-- Records to use follows --

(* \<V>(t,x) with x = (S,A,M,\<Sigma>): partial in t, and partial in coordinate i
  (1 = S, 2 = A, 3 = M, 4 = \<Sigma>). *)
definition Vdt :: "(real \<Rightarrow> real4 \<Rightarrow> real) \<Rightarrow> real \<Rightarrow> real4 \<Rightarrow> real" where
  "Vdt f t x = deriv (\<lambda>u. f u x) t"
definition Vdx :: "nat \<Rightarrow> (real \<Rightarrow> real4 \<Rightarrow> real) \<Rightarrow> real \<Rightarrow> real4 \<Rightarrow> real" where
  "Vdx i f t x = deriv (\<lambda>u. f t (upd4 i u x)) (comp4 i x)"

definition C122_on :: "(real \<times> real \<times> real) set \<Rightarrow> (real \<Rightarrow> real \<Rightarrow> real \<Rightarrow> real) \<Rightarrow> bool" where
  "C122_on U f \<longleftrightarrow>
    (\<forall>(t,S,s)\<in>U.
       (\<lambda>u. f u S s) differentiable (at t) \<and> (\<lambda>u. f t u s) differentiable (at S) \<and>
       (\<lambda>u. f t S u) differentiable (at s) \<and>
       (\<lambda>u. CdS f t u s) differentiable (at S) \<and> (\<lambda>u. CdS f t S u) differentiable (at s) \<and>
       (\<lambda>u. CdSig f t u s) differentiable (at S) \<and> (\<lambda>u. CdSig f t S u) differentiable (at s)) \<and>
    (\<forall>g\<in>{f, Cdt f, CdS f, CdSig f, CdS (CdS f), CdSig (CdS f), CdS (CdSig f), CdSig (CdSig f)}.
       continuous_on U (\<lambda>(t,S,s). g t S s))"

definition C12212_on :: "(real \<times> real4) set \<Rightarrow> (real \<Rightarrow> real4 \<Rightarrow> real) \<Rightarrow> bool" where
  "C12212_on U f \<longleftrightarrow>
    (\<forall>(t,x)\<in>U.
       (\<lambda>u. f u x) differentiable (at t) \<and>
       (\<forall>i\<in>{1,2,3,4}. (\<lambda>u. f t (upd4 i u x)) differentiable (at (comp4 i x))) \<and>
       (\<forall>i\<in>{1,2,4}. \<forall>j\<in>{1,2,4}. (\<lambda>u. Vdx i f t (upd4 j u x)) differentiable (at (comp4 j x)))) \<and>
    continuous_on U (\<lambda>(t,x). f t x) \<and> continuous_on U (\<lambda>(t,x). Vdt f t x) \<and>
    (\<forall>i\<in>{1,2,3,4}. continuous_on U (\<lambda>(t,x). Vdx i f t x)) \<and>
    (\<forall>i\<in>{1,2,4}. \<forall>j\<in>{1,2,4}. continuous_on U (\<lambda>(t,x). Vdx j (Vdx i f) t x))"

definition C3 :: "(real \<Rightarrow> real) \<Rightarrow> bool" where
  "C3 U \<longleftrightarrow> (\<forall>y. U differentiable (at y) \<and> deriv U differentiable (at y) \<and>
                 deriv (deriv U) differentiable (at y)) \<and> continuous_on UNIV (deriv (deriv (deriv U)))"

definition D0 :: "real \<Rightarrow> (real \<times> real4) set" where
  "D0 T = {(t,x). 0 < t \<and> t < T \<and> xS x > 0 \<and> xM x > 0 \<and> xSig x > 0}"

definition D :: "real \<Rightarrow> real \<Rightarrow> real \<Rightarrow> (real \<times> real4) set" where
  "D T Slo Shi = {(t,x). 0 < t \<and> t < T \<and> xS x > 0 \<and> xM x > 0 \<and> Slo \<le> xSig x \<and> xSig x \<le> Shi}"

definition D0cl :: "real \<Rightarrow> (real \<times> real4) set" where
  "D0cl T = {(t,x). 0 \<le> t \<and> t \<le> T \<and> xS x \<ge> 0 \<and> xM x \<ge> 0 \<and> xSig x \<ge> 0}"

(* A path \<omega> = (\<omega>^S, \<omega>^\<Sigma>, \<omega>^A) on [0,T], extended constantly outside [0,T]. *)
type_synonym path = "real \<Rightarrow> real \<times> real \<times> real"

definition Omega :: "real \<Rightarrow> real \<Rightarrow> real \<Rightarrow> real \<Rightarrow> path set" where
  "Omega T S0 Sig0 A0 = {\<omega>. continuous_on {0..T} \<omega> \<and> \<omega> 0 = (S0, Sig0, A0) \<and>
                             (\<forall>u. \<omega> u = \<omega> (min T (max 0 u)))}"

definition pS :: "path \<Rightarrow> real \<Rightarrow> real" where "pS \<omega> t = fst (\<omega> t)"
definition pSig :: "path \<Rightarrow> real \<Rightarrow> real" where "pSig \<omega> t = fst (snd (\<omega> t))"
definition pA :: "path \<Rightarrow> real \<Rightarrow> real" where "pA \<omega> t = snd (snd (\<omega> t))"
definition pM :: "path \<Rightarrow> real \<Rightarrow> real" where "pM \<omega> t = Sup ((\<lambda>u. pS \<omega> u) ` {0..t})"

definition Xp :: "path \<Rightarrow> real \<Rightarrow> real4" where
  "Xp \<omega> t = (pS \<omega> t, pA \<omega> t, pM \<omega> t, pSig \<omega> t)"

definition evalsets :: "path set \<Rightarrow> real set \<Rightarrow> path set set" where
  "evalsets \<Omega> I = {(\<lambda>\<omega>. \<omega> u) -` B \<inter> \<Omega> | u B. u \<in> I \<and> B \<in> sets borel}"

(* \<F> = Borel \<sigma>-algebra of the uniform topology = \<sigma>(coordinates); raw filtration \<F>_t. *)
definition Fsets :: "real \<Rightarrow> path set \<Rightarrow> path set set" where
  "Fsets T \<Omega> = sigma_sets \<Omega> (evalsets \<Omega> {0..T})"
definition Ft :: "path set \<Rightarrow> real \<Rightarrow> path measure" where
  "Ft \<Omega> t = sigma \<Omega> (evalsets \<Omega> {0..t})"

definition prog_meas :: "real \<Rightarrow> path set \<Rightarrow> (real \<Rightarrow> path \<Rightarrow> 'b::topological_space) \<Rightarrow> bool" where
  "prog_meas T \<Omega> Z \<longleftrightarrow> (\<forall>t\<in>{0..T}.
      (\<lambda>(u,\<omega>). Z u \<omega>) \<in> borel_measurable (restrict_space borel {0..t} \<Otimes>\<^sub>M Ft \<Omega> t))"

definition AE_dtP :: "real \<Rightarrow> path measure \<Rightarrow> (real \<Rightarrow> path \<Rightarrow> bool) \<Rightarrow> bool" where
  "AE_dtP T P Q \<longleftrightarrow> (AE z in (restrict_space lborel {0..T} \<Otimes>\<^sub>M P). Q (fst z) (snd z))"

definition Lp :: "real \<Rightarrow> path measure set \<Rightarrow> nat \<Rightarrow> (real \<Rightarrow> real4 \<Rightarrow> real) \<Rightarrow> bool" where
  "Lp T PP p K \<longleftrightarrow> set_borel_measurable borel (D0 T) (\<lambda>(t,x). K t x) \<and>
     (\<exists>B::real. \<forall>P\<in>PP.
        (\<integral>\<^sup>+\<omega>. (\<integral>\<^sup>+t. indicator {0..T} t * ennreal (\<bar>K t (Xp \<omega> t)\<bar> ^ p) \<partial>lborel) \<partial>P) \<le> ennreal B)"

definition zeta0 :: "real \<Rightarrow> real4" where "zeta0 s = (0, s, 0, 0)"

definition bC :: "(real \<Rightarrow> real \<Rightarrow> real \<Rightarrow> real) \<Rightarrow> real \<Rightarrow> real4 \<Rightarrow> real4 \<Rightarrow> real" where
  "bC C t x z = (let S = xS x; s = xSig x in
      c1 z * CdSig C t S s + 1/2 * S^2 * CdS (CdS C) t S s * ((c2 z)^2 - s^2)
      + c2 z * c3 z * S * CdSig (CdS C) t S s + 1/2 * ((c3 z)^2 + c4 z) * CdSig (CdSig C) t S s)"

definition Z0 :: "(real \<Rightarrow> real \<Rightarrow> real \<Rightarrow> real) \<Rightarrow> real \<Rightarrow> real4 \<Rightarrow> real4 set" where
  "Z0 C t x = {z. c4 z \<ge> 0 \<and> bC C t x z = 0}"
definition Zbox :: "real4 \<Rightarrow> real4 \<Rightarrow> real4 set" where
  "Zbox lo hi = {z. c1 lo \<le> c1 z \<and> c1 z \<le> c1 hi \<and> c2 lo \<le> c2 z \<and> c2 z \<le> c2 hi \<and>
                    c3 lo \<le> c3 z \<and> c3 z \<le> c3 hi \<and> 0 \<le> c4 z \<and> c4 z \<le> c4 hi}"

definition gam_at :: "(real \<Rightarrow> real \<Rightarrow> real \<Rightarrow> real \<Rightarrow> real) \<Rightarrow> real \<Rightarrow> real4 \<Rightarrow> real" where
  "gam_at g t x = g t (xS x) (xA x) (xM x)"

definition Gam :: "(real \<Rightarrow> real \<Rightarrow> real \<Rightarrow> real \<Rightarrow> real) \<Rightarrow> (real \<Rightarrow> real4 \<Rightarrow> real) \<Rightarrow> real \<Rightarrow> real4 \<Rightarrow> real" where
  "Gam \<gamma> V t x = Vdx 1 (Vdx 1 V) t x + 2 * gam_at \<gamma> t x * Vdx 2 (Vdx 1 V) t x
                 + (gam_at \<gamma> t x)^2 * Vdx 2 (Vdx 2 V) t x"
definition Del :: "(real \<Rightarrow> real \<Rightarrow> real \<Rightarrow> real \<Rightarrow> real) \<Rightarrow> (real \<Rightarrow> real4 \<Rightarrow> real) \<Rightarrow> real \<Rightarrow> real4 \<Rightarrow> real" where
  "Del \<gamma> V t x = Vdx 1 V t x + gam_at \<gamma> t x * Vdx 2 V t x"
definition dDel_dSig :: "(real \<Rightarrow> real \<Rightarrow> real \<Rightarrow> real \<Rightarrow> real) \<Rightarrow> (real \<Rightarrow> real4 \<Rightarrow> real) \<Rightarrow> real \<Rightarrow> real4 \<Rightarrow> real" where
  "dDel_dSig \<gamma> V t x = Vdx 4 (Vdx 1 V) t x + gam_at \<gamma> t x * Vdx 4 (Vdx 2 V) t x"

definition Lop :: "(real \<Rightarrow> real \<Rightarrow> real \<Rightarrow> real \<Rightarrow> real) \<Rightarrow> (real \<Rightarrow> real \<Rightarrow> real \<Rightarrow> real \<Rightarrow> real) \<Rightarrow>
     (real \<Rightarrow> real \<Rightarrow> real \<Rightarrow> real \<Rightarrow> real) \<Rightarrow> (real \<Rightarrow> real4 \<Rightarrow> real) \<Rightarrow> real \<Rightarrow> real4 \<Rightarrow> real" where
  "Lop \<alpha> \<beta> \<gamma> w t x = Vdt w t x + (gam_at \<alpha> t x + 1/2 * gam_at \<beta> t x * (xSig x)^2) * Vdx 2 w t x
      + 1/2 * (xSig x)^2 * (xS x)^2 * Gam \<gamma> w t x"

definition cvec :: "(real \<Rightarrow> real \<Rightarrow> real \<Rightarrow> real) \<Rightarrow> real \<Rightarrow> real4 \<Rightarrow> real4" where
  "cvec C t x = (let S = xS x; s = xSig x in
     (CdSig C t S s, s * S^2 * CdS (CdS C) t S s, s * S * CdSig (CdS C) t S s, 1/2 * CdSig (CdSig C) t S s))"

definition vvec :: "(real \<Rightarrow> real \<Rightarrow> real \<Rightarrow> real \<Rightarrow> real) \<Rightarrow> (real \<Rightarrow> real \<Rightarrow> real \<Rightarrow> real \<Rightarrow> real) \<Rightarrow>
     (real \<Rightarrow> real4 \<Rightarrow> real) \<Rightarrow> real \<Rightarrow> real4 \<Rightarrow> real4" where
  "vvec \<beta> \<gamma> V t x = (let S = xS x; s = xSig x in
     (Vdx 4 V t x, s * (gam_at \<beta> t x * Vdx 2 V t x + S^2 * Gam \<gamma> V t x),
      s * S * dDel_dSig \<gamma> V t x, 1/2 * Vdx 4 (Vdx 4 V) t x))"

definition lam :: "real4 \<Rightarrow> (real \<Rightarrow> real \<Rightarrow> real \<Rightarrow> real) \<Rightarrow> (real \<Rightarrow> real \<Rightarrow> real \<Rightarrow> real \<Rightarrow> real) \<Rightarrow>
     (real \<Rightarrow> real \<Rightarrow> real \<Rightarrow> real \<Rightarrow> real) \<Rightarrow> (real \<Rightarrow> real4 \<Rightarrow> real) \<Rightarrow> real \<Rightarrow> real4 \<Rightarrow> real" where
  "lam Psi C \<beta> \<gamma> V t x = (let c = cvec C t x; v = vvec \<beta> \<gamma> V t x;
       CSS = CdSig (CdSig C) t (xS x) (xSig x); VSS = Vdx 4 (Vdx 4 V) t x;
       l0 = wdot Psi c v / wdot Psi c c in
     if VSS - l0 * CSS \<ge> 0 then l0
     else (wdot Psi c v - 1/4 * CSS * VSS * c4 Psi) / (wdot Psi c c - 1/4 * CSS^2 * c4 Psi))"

-- Records to use concluded --
-- Records to use follows --

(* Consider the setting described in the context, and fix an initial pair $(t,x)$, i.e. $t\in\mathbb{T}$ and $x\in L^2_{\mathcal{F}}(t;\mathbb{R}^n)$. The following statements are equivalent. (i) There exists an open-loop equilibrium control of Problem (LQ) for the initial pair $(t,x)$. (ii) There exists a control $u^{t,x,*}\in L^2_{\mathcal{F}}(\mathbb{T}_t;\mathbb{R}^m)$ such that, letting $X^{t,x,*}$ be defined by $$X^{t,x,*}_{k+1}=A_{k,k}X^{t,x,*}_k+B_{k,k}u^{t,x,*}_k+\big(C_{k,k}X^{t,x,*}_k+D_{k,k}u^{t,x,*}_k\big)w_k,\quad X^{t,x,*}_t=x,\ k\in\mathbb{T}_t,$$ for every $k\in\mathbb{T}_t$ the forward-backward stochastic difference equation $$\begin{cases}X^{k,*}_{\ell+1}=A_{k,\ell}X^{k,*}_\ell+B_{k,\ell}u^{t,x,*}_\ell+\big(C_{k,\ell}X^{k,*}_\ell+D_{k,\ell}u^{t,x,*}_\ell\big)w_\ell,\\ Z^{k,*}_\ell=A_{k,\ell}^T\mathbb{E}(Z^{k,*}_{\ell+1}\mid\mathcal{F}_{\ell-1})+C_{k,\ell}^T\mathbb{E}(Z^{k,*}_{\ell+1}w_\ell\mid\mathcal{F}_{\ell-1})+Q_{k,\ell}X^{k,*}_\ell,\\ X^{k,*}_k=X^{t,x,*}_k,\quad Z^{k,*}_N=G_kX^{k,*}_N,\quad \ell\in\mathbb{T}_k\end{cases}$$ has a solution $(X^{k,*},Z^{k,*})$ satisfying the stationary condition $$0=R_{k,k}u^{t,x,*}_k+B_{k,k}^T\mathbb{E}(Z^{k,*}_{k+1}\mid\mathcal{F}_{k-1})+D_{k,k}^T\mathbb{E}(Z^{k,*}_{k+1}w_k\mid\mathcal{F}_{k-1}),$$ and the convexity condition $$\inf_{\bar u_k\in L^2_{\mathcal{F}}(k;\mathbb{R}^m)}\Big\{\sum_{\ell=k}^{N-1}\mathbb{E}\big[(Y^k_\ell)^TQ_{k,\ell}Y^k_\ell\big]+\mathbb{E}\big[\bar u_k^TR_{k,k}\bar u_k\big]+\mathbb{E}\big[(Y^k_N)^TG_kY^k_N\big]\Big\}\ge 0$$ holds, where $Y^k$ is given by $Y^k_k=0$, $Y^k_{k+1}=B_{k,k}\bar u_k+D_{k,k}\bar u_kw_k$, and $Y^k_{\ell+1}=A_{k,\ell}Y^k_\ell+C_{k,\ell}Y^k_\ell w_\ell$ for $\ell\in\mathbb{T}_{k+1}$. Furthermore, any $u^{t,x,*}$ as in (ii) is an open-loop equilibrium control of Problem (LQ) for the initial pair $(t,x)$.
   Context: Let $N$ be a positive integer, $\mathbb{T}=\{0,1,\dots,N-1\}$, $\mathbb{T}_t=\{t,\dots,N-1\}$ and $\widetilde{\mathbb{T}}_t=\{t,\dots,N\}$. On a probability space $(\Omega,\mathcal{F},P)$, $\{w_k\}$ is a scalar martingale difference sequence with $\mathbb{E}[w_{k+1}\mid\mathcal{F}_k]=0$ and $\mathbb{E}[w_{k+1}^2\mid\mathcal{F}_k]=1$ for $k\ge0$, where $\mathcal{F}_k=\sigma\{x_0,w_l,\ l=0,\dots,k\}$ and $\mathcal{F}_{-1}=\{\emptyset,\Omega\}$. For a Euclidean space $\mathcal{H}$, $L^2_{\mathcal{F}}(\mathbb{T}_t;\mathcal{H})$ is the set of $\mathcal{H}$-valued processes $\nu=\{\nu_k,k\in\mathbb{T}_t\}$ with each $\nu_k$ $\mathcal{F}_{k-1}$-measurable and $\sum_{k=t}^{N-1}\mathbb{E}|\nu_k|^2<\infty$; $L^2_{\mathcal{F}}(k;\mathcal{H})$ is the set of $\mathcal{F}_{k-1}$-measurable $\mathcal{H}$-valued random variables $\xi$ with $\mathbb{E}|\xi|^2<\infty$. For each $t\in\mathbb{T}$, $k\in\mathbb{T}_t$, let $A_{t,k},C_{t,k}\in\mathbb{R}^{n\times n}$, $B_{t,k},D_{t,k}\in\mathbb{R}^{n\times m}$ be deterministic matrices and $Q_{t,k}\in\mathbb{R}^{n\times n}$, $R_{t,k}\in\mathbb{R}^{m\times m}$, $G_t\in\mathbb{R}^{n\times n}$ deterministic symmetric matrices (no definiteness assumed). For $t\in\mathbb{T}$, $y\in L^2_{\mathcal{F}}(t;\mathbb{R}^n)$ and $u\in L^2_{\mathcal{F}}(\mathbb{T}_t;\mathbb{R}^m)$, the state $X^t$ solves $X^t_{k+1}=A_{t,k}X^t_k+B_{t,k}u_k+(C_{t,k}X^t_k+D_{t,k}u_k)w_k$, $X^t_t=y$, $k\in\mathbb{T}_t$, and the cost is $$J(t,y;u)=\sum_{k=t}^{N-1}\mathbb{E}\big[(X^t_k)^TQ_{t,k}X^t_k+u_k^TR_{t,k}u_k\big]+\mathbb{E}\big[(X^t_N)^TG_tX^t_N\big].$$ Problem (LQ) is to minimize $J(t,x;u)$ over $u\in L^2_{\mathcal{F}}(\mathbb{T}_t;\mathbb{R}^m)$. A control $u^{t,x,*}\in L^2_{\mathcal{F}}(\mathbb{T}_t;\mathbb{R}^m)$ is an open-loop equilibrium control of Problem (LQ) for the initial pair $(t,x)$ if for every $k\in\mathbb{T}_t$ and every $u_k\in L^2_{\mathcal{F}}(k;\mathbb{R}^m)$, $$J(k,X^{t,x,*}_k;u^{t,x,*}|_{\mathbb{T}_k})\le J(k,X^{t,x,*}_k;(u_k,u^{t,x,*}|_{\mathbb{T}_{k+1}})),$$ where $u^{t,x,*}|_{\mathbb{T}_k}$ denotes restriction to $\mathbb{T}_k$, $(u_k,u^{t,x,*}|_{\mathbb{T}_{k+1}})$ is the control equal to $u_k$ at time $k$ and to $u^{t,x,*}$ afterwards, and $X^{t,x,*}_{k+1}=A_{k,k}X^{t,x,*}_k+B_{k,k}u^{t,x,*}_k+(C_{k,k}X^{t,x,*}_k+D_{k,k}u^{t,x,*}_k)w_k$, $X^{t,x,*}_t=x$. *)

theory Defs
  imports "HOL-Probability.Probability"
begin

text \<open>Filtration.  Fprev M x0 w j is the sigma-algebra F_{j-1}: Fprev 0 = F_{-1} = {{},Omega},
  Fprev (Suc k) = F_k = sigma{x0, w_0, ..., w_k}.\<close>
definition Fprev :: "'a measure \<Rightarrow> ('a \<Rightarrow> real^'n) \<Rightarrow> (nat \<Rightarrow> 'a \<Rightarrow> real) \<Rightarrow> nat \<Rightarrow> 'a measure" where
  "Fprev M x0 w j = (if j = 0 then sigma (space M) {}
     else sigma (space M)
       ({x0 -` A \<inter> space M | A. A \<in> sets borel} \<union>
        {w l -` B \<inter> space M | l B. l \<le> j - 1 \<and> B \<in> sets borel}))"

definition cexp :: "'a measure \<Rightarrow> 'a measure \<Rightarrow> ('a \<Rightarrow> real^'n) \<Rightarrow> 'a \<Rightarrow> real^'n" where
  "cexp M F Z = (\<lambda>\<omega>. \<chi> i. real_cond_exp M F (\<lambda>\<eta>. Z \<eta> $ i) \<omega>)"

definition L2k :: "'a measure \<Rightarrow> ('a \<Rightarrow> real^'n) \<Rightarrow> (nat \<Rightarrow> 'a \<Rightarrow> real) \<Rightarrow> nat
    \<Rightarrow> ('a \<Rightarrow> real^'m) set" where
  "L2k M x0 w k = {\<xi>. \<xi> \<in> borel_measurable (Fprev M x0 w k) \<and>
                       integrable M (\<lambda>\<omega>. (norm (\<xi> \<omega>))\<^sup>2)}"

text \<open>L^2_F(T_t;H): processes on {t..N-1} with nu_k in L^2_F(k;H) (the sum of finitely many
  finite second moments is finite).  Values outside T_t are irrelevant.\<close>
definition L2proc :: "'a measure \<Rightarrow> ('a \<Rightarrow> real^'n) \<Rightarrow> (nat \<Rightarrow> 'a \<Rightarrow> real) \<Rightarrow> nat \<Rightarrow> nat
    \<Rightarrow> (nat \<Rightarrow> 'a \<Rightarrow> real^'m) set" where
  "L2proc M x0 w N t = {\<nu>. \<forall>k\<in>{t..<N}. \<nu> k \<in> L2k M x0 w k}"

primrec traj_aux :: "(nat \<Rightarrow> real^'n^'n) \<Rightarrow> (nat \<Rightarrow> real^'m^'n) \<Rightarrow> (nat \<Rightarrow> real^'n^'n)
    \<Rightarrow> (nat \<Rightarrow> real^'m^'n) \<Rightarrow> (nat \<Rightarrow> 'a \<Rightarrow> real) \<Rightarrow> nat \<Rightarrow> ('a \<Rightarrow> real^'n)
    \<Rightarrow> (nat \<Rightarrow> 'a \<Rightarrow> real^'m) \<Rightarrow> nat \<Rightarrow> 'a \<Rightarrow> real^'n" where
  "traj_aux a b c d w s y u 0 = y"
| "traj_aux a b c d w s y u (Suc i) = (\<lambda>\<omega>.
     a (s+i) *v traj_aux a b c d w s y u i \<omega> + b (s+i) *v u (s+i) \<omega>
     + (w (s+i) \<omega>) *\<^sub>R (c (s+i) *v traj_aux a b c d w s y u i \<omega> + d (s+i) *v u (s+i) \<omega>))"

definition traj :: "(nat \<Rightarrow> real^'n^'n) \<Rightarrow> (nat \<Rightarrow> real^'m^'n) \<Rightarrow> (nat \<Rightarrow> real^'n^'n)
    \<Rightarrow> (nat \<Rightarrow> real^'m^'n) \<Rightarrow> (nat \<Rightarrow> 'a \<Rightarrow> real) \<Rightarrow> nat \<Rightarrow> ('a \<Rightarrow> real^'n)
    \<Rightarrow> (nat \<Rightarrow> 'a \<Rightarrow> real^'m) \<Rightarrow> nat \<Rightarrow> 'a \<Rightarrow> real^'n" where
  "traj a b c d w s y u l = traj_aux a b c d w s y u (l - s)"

-- Records to use concluded --

● Problem description
Print only what lies in the material above starting at the line with "integrable M (\<lambda>\<omega>." and ending at the line with "l = traj_aux", every line exactly as given.

● Task solution
                       integrable M (\<lambda>\<omega>. (norm (\<xi> \<omega>))\<^sup>2)}"

text \<open>L^2_F(T_t;H): processes on {t..N-1} with nu_k in L^2_F(k;H) (the sum of finitely many
  finite second moments is finite).  Values outside T_t are irrelevant.\<close>
definition L2proc :: "'a measure \<Rightarrow> ('a \<Rightarrow> real^'n) \<Rightarrow> (nat \<Rightarrow> 'a \<Rightarrow> real) \<Rightarrow> nat \<Rightarrow> nat
    \<Rightarrow> (nat \<Rightarrow> 'a \<Rightarrow> real^'m) set" where
  "L2proc M x0 w N t = {\<nu>. \<forall>k\<in>{t..<N}. \<nu> k \<in> L2k M x0 w k}"

primrec traj_aux :: "(nat \<Rightarrow> real^'n^'n) \<Rightarrow> (nat \<Rightarrow> real^'m^'n) \<Rightarrow> (nat \<Rightarrow> real^'n^'n)
    \<Rightarrow> (nat \<Rightarrow> real^'m^'n) \<Rightarrow> (nat \<Rightarrow> 'a \<Rightarrow> real) \<Rightarrow> nat \<Rightarrow> ('a \<Rightarrow> real^'n)
    \<Rightarrow> (nat \<Rightarrow> 'a \<Rightarrow> real^'m) \<Rightarrow> nat \<Rightarrow> 'a \<Rightarrow> real^'n" where
  "traj_aux a b c d w s y u 0 = y"
| "traj_aux a b c d w s y u (Suc i) = (\<lambda>\<omega>.
     a (s+i) *v traj_aux a b c d w s y u i \<omega> + b (s+i) *v u (s+i) \<omega>
     + (w (s+i) \<omega>) *\<^sub>R (c (s+i) *v traj_aux a b c d w s y u i \<omega> + d (s+i) *v u (s+i) \<omega>))"

definition traj :: "(nat \<Rightarrow> real^'n^'n) \<Rightarrow> (nat \<Rightarrow> real^'m^'n) \<Rightarrow> (nat \<Rightarrow> real^'n^'n)
    \<Rightarrow> (nat \<Rightarrow> real^'m^'n) \<Rightarrow> (nat \<Rightarrow> 'a \<Rightarrow> real) \<Rightarrow> nat \<Rightarrow> ('a \<Rightarrow> real^'n)
    \<Rightarrow> (nat \<Rightarrow> 'a \<Rightarrow> real^'m) \<Rightarrow> nat \<Rightarrow> 'a \<Rightarrow> real^'n" where
  "traj a b c d w s y u l = traj_aux a b c d w s y u (l - s)"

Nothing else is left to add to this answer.